So, I don't normally update so fast. However, inspiration for this fic was flowing fast! Neither do I normally stockpile chapters, but I found I've already pretty much written up to chapter four lol. So, here's a speedy chapter two! I hope you all like it!

A quick disclaimer, I have no bloody idea what goes on in medical school. None what-so-ever. I tried to research it, but it seems it's all a bit hushed lmao. I tried my best, and worse comes to worse, I can wave my creative licence around to mask my ignorance lol. Honestly, though, I doubt medical school would give a month of absence due to this reason, but, hey, it's a fic. A fic containing literal witches. I think I've got some leave-way.

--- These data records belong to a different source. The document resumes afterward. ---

definition eps :: "'a measure \<Rightarrow> (nat \<Rightarrow> 'a \<Rightarrow> real) \<Rightarrow> nat \<Rightarrow> nat \<Rightarrow> real" where
  "eps M X q m = Inf {e. \<forall>J g. J \<subseteq> {1..q} \<and> card J \<le> m \<and> (\<forall>j\<in>J. g j \<in> Hsp M X q j) \<longrightarrow>
      (l2_norm M (\<lambda>\<omega>. \<Sum>j\<in>J. g j \<omega>))\<^sup>2 \<ge> (1 - e) * (\<Sum>j\<in>J. (l2_norm M (g j))\<^sup>2)}"

end

theory Submission
  imports Defs
begin

(* Both quantities are rephrased through predicates on a constant: corr_bounded r (all
   correlations are <= r) and riesz_lower m e (the defining inequality of epsilon_m holds
   with e), so that rho < 1 and epsilon < 1 mean that such constants exist below 1.
   - corr_bounded r with 0 <= r < 1 gives ||f + g||^2 >= (1 - r)(||f||^2 + ||g||^2) for f, g
     from disjoint blocks; peeling off one component at a time yields the Riesz bound on
     sets of size <= q*, and one further split handles sets of size <= 2q*.
   - Conversely, the Riesz inequality applied to h1/||h1|| - h2/||h2||, together with
     ||h||^2 <= |J| \<Sum> ||g_j||^2, bounds every correlation by 1 - (1 - e)/q*. *)

definition square_integrable :: "'a measure \<Rightarrow> ('a \<Rightarrow> real) \<Rightarrow> bool" where
  "square_integrable M f \<longleftrightarrow> f \<in> borel_measurable M \<and> integrable M (\<lambda>w. (f w)\<^sup>2)"

(* Products of square-integrable functions are integrable, since |f g| <= f^2 + g^2;
   this makes the inner product l2_inner well behaved. *)
lemma square_integrable_mult_integrable:
  assumes "square_integrable M f" "square_integrable M g"
  shows "integrable M (\<lambda>w. f w * g w)"
proof (rule Bochner_Integration.integrable_bound[where f="\<lambda>w. (f w)\<^sup>2 + (g w)\<^sup>2"])
  show "integrable M (\<lambda>w. (f w)\<^sup>2 + (g w)\<^sup>2)" using assms by (simp add: square_integrable_def)
  show "(\<lambda>w. f w * g w) \<in> borel_measurable M" using assms by (auto simp: square_integrable_def)
  have "\<bar>x * y\<bar> \<le> x\<^sup>2 + y\<^sup>2" for x y :: real
  proof -
    have "2 * (\<bar>x\<bar> * \<bar>y\<bar>) \<le> x\<^sup>2 + y\<^sup>2"
      using sum_squares_bound[of "\<bar>x\<bar>" "\<bar>y\<bar>"] by simp
    moreover have "0 \<le> \<bar>x\<bar> * \<bar>y\<bar>" by simp
    ultimately show ?thesis unfolding abs_mult by linarith
  qed
  then show "AE w in M. norm (f w * g w) \<le> norm ((f w)\<^sup>2 + (g w)\<^sup>2)" by simp
qed

lemma square_integrable_add:
  assumes "square_integrable M f" "square_integrable M g"
  shows "square_integrable M (\<lambda>w. f w + g w)"
proof -
  have "(\<lambda>w. (f w + g w)\<^sup>2) = (\<lambda>w. (f w)\<^sup>2 + (2 * (f w * g w) + (g w)\<^sup>2))"
    by (auto simp: power2_eq_square algebra_simps)
  then show ?thesis
    using assms square_integrable_mult_integrable[OF assms] by (auto simp: square_integrable_def)
qed

lemma square_integrable_sum:
  assumes "\<And>j. j \<in> J \<Longrightarrow> square_integrable M (g j)"
  shows "square_integrable M (\<lambda>w. \<Sum>j\<in>J. g j w)"
  using assms
  by (induction J rule: infinite_finite_induct)
     (simp_all add: square_integrable_add, simp_all add: square_integrable_def)

lemma l2_norm_nonneg: "0 \<le> l2_norm M f"
  unfolding l2_norm_def l2_inner_def by (simp add: integral_nonneg_AE)

lemma l2_norm_square: "(l2_norm M f)\<^sup>2 = integral\<^sup>L M (\<lambda>w. (f w)\<^sup>2)"
  unfolding l2_norm_def l2_inner_def by (simp add: integral_nonneg_AE power2_eq_square)

lemma l2_norm_scale_square: "(l2_norm M (\<lambda>w. k * f w))\<^sup>2 = k\<^sup>2 * (l2_norm M f)\<^sup>2"
  by (simp add: l2_norm_square power_mult_distrib)

lemma l2_norm_lincomb_square:
  assumes "square_integrable M f" "square_integrable M g"
  shows "(l2_norm M (\<lambda>w. x * f w + y * g w))\<^sup>2 =
    x\<^sup>2 * (l2_norm M f)\<^sup>2 + 2 * x * y * l2_inner M f g + y\<^sup>2 * (l2_norm M g)\<^sup>2"
proof -
  have "(\<lambda>w. (x * f w + y * g w)\<^sup>2) =
      (\<lambda>w. x\<^sup>2 * (f w)\<^sup>2 + (2 * x * y * (f w * g w) + y\<^sup>2 * (g w)\<^sup>2))"
    by (auto simp: power2_eq_square algebra_simps)
  then show ?thesis
    using assms square_integrable_mult_integrable[OF assms]
    by (simp add: l2_norm_square l2_inner_def square_integrable_def)
qed

(* A function of norm zero is orthogonal to everything (the degenerate case of
   Cauchy-Schwarz, proved by minimising the quadratic t \<mapsto> ||t f + g||^2). *)
lemma l2_inner_eq_0_if_l2_norm_eq_0:
  assumes "square_integrable M f" "square_integrable M g" "l2_norm M f = 0"
  shows "l2_inner M f g = 0"
proof (rule ccontr)
  define s where "s = l2_inner M f g"
  assume "s \<noteq> 0"
  define t where "t = - ((l2_norm M g)\<^sup>2 + 1) / (2 * s)"
  have "0 \<le> (l2_norm M (\<lambda>w. t * f w + 1 * g w))\<^sup>2" by simp
  also have "\<dots> = 2 * t * s + (l2_norm M g)\<^sup>2"
    using l2_norm_lincomb_square[OF assms(1,2), of t 1] assms(3) by (simp add: s_def)
  also have "\<dots> = -1" using \<open>s \<noteq> 0\<close> by (simp add: t_def field_simps)
  finally show False by simp
qed

lemma l2_norm_sum_square_le_card:
  assumes "finite J" "\<And>j. j \<in> J \<Longrightarrow> square_integrable M (g j)"
  shows "(l2_norm M (\<lambda>w. \<Sum>j\<in>J. g j w))\<^sup>2 \<le> real (card J) * (\<Sum>j\<in>J. (l2_norm M (g j))\<^sup>2)"
proof -
  have pointwise: "(\<Sum>j\<in>J. g j w)\<^sup>2 \<le> real (card J) * (\<Sum>j\<in>J. (g j w)\<^sup>2)" for w
    using Cauchy_Schwarz_ineq_sum[of "\<lambda>_. 1" "\<lambda>j. g j w" J] by simp
  have "integral\<^sup>L M (\<lambda>w. (\<Sum>j\<in>J. g j w)\<^sup>2) \<le> integral\<^sup>L M (\<lambda>w. real (card J) * (\<Sum>j\<in>J. (g j w)\<^sup>2))"
    using square_integrable_sum[of J M g] assms pointwise
    by (intro integral_mono) (auto simp: square_integrable_def)
  also have "\<dots> = real (card J) * (\<Sum>j\<in>J. integral\<^sup>L M (\<lambda>w. (g j w)\<^sup>2))"
    using assms by (simp add: square_integrable_def)
  finally show ?thesis by (simp add: l2_norm_square)
qed

(* If the correlation of f and g is at least -r with 0 <= r, then
   ||f + g||^2 >= (1 - r)(||f||^2 + ||g||^2), because 2 ||f|| ||g|| <= ||f||^2 + ||g||^2. *)
lemma l2_norm_add_square_ge:
  assumes "square_integrable M f" "square_integrable M g" "0 \<le> r"
    and "- (r * l2_norm M f * l2_norm M g) \<le> l2_inner M f g"
  shows "(1 - r) * ((l2_norm M f)\<^sup>2 + (l2_norm M g)\<^sup>2) \<le> (l2_norm M (\<lambda>w. f w + g w))\<^sup>2"
proof -
  have "0 \<le> r * (l2_norm M f - l2_norm M g)\<^sup>2" using assms(3) by simp
  moreover have "(l2_norm M (\<lambda>w. f w + g w))\<^sup>2 =
      (l2_norm M f)\<^sup>2 + 2 * l2_inner M f g + (l2_norm M g)\<^sup>2"
    using l2_norm_lincomb_square[OF assms(1,2), of 1 1] by simp
  ultimately show ?thesis using assms(4) by (simp add: power2_eq_square algebra_simps)
qed

lemma Hsp_square_integrable:
  assumes "f \<in> Hsp M X q j" "X j \<in> borel_measurable M"
  shows "square_integrable M f"
  using assms by (auto simp: Hsp_def square_integrable_def)

lemma Hsp_scale:
  assumes "f \<in> Hsp M X q j"
  shows "(\<lambda>w. k * f w) \<in> Hsp M X q j"
proof -
  obtain h where h: "f = (\<lambda>w. h (X j w))" "h \<in> borel_measurable borel"
    "integrable M (\<lambda>w. (h (X j w))\<^sup>2)" "j < q \<longrightarrow> integral\<^sup>L M (\<lambda>w. h (X j w)) = 0"
    using assms by (auto simp: Hsp_def)
  then show ?thesis
    unfolding Hsp_def by (intro CollectI exI[of _ "\<lambda>x. k * h x"]) (auto simp: power_mult_distrib)
qed

lemma sum_in_HJ:
  assumes "\<forall>j\<in>J. g j \<in> Hsp M X q j"
  shows "(\<lambda>w. \<Sum>j\<in>J. g j w) \<in> HJ M X q J"
  using assms unfolding HJ_def by blast

lemma HJ_uminus:
  assumes "h \<in> HJ M X q J"
  shows "(\<lambda>w. - h w) \<in> HJ M X q J"
proof -
  obtain g where g: "h = (\<lambda>w. \<Sum>j\<in>J. g j w)" "\<forall>j\<in>J. g j \<in> Hsp M X q j"
    using assms unfolding HJ_def by blast
  have "(\<lambda>w. \<Sum>j\<in>J. (-1) * g j w) \<in> HJ M X q J"
    using g(2) Hsp_scale by (intro sum_in_HJ) blast
  then show ?thesis unfolding g(1) by (simp add: sum_negf)
qed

I've also gone back and changed Olivia's goal from surgeon to pediatrician. Why? I was suddenly struck with the idea that it fit better for the type of character I'm trying to create here, and fits with what I think canon Harry would do if he went into medicine better than surgeon. It's a small change, but it is a change, and so I hope you don't mind.

All that said, I really do hope you liked the chapter! Thank you for all the follows and favourites! If you have a spare moment, please drop a review, they keep the little muses singing, and, fingers crossed, I'll see you guys soon!


	3. Chapter 3

**CHAPTER THREE: BRING HER HOME**

* * *

_A few months previous…_

Emily Galindo, neé Thomas, was silent as she descended the stairs. Her bare feet didn't make so much as a thud against the lavish, well-polished granite. Neither did the extravagant oaken doors, stationed at the bottom, squeak or groan as she pushed them open, slipping through the crack before she blindly reached behind her to pull them closed. The sight that greeted her made Emily smile from ear to ear.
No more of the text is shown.